Atas dasar itulah, segala kemerosotan kualitas demokrasi dan
pembangunan sebagai akibat terlalu besarnya ruang eksekutif dan legislatif di
satu sisi, sementara masyarakat sipil mengalami penyempitan arena di sisi lain,
perlu dirumuskan jalan keluarnya. Partai, parlemen dan masyarakat sipil
(sebagai basis pemilih) harus menjadi kekuatan berimbang yang saling
mendukung dan mengontrol, agar legitimasi kekuasaan demokratis makin
bekerja efektif.
Belakangan, jika muncul ide calon independen, dalam pandangan saya
itu sebenarnya hanyalah pilihan sementara ketika peran parpol tidak optimal.
Sebagai wacana, gagasan calon independen hanya bentuk teguran pada parpol
agar membenahi diri dan melakukan reformasi dalam menjalankan demokrasi
representasi. Karena itu, mengenai calon independen yang maju dalam pemilu
(nasional maupun daerah) untuk presiden dan kepala daerah dipahami sebagai
konstruksi kebutuhan jangka pendek, bukan jangka panjang yang permanen.
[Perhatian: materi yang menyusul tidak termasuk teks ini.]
lemma length_swap_at [simp]: "length (swap_at w i j) = length w"
  by (simp add: swap_at_def)

lemma nth_swap_at_cup:
  "cup w i j \<Longrightarrow> swap_at w i j ! p = (if p = i then False else if p = j then True else w ! p)"
  using nth_swap_at[of i w j p] cup_endpoints[of w i j] by auto

definition inversions :: "weight \<Rightarrow> (nat \<times> nat) set" where
  "inversions w = {(q, p). q < length w \<and> w ! q \<and> p < q \<and> \<not> w ! p}"

lemma finite_inversions: "finite (inversions w)"
  by (rule finite_subset[of _ "{..<length w} \<times> {..<length w}"]) (auto simp: inversions_def)

lemma height_eq_card_inversions: "height w = card (inversions w)"
proof -
  have "inversions w = (SIGMA q:{q. q < length w \<and> w ! q}. {p. p < q \<and> \<not> w ! p})"
    by (auto simp: inversions_def)
  then show ?thesis
    by (simp add: height_def)
qed

lemma height_swap_at_less:
  assumes ij: "i < j" "j < length w" "w ! i" "\<not> w ! j"
  shows "height w < height (swap_at w i j)"
proof -
  let ?v = "swap_at w i j"
  have v: "?v ! p = (if p = i then False else if p = j then True else w ! p)" for p
    using nth_swap_at[of i w j p] ij by auto
  define f where "f = (\<lambda>(q, p). (if q = i then j else q, if p = j then i else p))"
  have "inj_on f (inversions w)"
    using ij by (auto simp: inj_on_def f_def inversions_def split: if_splits)
  moreover have "f ` inversions w \<subset> inversions ?v"
  proof -
    have "f ` inversions w \<subseteq> inversions ?v"
      using ij by (auto simp: f_def inversions_def v split: if_splits)
    moreover have "(j, i) \<in> inversions ?v - f ` inversions w"
      using ij by (auto simp: f_def inversions_def v split: if_splits)
    ultimately show ?thesis
      by blast
  qed
  ultimately show ?thesis
    by (metis card_image finite_inversions height_eq_card_inversions psubset_card_mono)
qed

definition cup_swap :: "weight \<Rightarrow> weight \<Rightarrow> bool" where
  "cup_swap w v \<longleftrightarrow> (\<exists>i j. cup w i j \<and> v = swap_at w i j)"

lemma adj_iff_cup_swap: "adj w v \<longleftrightarrow> cup_swap w v \<or> cup_swap v w"
  by (simp add: adj_def cup_swap_def)

lemma cup_swap_height_less: "cup_swap w v \<Longrightarrow> height w < height v"
  unfolding cup_swap_def by (auto intro: height_swap_at_less dest: cup_endpoints)

lemma adj_height_neq: "adj w v \<Longrightarrow> height w \<noteq> height v"
  by (auto simp: adj_iff_cup_swap dest: cup_swap_height_less)
(* Let $B$ be a $\Sigma$-ring containing a $\Sigma$-pseudofield $L$ as a $\Sigma$-subring such that $C_L:=L^\sigma$ is a $\Sigma_1$-closed pseudofield. Let $C\subseteq B^\sigma$ be a $\Sigma_1$-stable subring with $C_L\subseteq C$. Then the natural $\Sigma$-homomorphism $L\otimes_{C_L}C\to B$, $l\otimes c\mapsto lc$, is injective, so that $L\cdot C\cong L\otimes_{C_L}C$, where $L\cdot C$ is the subring of $B$ generated by $L$ and $C$.
   Context: All rings are commutative with $1$. Fix $\Sigma_0=\mathbb Z$ with generator $\sigma$, a finite abelian group $\Sigma_1=\mathbb Z/t_1\mathbb Z\oplus\dots\oplus\mathbb Z/t_s\mathbb Z$ ($t_i\ge2$), and $\Sigma=\Sigma_0\oplus\Sigma_1$. For a subgroup $\Sigma'\subseteq\Sigma$, a $\Sigma'$-ring is a ring with an action of $\Sigma'$ by ring automorphisms; $\Sigma'$-ideals are $\Sigma'$-stable ideals; $R^\sigma$ denotes the $\sigma$-invariants. A $\Sigma'$-ring is $\Sigma'$-simple if its only $\Sigma'$-ideals are $0$ and itself ($\neq0$). A ring is absolutely flat if every module over it is flat. A $\Sigma'$-pseudofield is an absolutely flat $\Sigma'$-simple ring. $C\{y_1,\dots,y_n\}_{\Sigma_1}$ is the polynomial ring over $C$ in indeterminates $\tau y_i$ ($\tau\in\Sigma_1$) with natural $\Sigma_1$-action; $\mathbb V(E)$ is the common zero set in $C^n$ and $\mathbb I(X)$ the ideal of polynomials vanishing on $X$. A $\Sigma_1$-pseudofield $C$ is $\Sigma_1$-closed if $\sqrt I=\mathbb I(\mathbb V(I))$ for every $n$ and every $\Sigma_1$-ideal $I\subseteq C\{y_1,\dots,y_n\}_{\Sigma_1}$. The $\Sigma$-action on $L\otimes_{C_L}C$ is the diagonal one. *)

theory Defs
  imports Main "HOL-Library.Poly_Mapping" "HOL-Library.Product_Plus"
begin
Dalam sistem demokrasi representasi saat ini, ruang subjek politik yang
disandarkan pada personal sebenarnya kurang menguntungkan bagi
pelembagaan politik demokratik. Apa yang diistilah O’Donnel dengan
demokrasi delegatif cenderung membahayakan tatanan konsolidasi demokrasi,
apalagi era transisional. Seburuk apapun keadaan parpol, memang itulah alat
politik formal mesin suara untuk membentuk kekuasaan. Hanya saja kualitas
yang buruk parpol jangan dibiarkan begitu saja, harus segera diatasi, ada exit
stretegy, agar konsolidasi demokrasi dapat dilangsungkan dengan baik.